### Problem to work on
Beginning with the line where "thus ?thesis using first[OF" appears, retype every remaining line of the data below, both the first and last included.

Collected data:
##########
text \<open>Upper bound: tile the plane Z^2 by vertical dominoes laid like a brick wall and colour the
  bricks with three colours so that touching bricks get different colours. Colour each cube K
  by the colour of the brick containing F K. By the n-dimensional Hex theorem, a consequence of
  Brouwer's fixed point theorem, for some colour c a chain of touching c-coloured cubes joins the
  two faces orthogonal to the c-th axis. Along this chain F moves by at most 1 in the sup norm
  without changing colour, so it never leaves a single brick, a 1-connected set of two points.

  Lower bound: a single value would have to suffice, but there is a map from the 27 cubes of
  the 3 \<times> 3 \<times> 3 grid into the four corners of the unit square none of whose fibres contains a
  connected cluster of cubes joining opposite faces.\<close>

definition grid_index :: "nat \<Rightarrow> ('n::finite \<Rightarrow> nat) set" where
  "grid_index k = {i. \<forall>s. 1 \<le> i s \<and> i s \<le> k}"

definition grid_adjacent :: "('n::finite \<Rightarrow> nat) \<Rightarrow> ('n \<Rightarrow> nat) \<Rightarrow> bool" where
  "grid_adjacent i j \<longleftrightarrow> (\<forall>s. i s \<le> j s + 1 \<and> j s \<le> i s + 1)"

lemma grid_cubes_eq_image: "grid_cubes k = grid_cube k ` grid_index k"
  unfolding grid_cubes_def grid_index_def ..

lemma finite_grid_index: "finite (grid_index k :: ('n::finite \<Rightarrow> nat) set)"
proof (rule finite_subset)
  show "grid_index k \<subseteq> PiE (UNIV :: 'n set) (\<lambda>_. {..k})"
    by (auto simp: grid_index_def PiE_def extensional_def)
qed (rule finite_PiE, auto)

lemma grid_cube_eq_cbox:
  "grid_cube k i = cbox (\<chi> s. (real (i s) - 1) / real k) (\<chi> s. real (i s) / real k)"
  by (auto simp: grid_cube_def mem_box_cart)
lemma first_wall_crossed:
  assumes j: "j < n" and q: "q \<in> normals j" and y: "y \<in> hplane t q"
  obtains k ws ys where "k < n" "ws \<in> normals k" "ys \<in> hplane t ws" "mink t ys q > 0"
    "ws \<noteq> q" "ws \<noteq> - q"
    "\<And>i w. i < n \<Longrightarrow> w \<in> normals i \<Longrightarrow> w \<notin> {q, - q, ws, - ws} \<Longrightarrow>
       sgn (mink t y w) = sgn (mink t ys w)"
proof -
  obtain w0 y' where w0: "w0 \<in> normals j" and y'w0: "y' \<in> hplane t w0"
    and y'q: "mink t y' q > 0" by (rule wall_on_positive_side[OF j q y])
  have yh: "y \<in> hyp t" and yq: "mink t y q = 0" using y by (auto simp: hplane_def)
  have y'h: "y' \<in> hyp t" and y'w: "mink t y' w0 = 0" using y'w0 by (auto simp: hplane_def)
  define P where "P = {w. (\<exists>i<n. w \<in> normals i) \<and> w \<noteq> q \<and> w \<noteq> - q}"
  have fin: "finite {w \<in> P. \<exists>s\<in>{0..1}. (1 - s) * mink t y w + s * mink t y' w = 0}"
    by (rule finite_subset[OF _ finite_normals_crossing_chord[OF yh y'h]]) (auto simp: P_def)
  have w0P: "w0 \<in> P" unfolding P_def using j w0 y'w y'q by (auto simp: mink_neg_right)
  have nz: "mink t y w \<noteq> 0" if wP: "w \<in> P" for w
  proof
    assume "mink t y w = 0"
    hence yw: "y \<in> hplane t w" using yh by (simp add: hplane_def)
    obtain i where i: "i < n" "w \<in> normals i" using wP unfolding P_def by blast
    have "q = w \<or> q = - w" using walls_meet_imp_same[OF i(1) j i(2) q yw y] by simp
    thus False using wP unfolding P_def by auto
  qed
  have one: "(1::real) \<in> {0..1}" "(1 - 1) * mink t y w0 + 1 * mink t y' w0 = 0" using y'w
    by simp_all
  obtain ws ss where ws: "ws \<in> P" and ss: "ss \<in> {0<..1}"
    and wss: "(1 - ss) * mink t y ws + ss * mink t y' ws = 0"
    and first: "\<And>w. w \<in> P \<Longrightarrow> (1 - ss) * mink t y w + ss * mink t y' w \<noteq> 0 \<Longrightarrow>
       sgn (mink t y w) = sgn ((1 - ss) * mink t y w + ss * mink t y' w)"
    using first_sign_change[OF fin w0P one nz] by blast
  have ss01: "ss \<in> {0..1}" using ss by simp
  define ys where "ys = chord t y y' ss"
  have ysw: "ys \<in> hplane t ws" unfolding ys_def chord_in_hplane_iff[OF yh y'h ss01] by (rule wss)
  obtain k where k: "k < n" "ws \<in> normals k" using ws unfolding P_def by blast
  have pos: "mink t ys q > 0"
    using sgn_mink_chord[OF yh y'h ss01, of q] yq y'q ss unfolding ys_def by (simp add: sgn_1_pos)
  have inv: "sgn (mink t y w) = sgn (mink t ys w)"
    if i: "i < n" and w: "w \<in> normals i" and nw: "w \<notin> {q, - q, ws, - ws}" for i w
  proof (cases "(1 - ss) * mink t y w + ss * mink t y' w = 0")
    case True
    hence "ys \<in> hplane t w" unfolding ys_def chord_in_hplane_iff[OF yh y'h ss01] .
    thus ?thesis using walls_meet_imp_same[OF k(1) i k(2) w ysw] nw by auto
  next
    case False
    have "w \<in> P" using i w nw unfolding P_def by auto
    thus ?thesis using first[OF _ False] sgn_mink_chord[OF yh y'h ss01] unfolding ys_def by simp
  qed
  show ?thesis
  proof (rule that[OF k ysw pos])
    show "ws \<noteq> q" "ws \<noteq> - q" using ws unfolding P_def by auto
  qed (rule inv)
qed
##########
### Exercise answer
    thus ?thesis using first[OF _ False] sgn_mink_chord[OF yh y'h ss01] unfolding ys_def by simp
  qed
  show ?thesis
  proof (rule that[OF k ysw pos])
    show "ws \<noteq> q" "ws \<noteq> - q" using ws unfolding P_def by auto
  qed (rule inv)
qed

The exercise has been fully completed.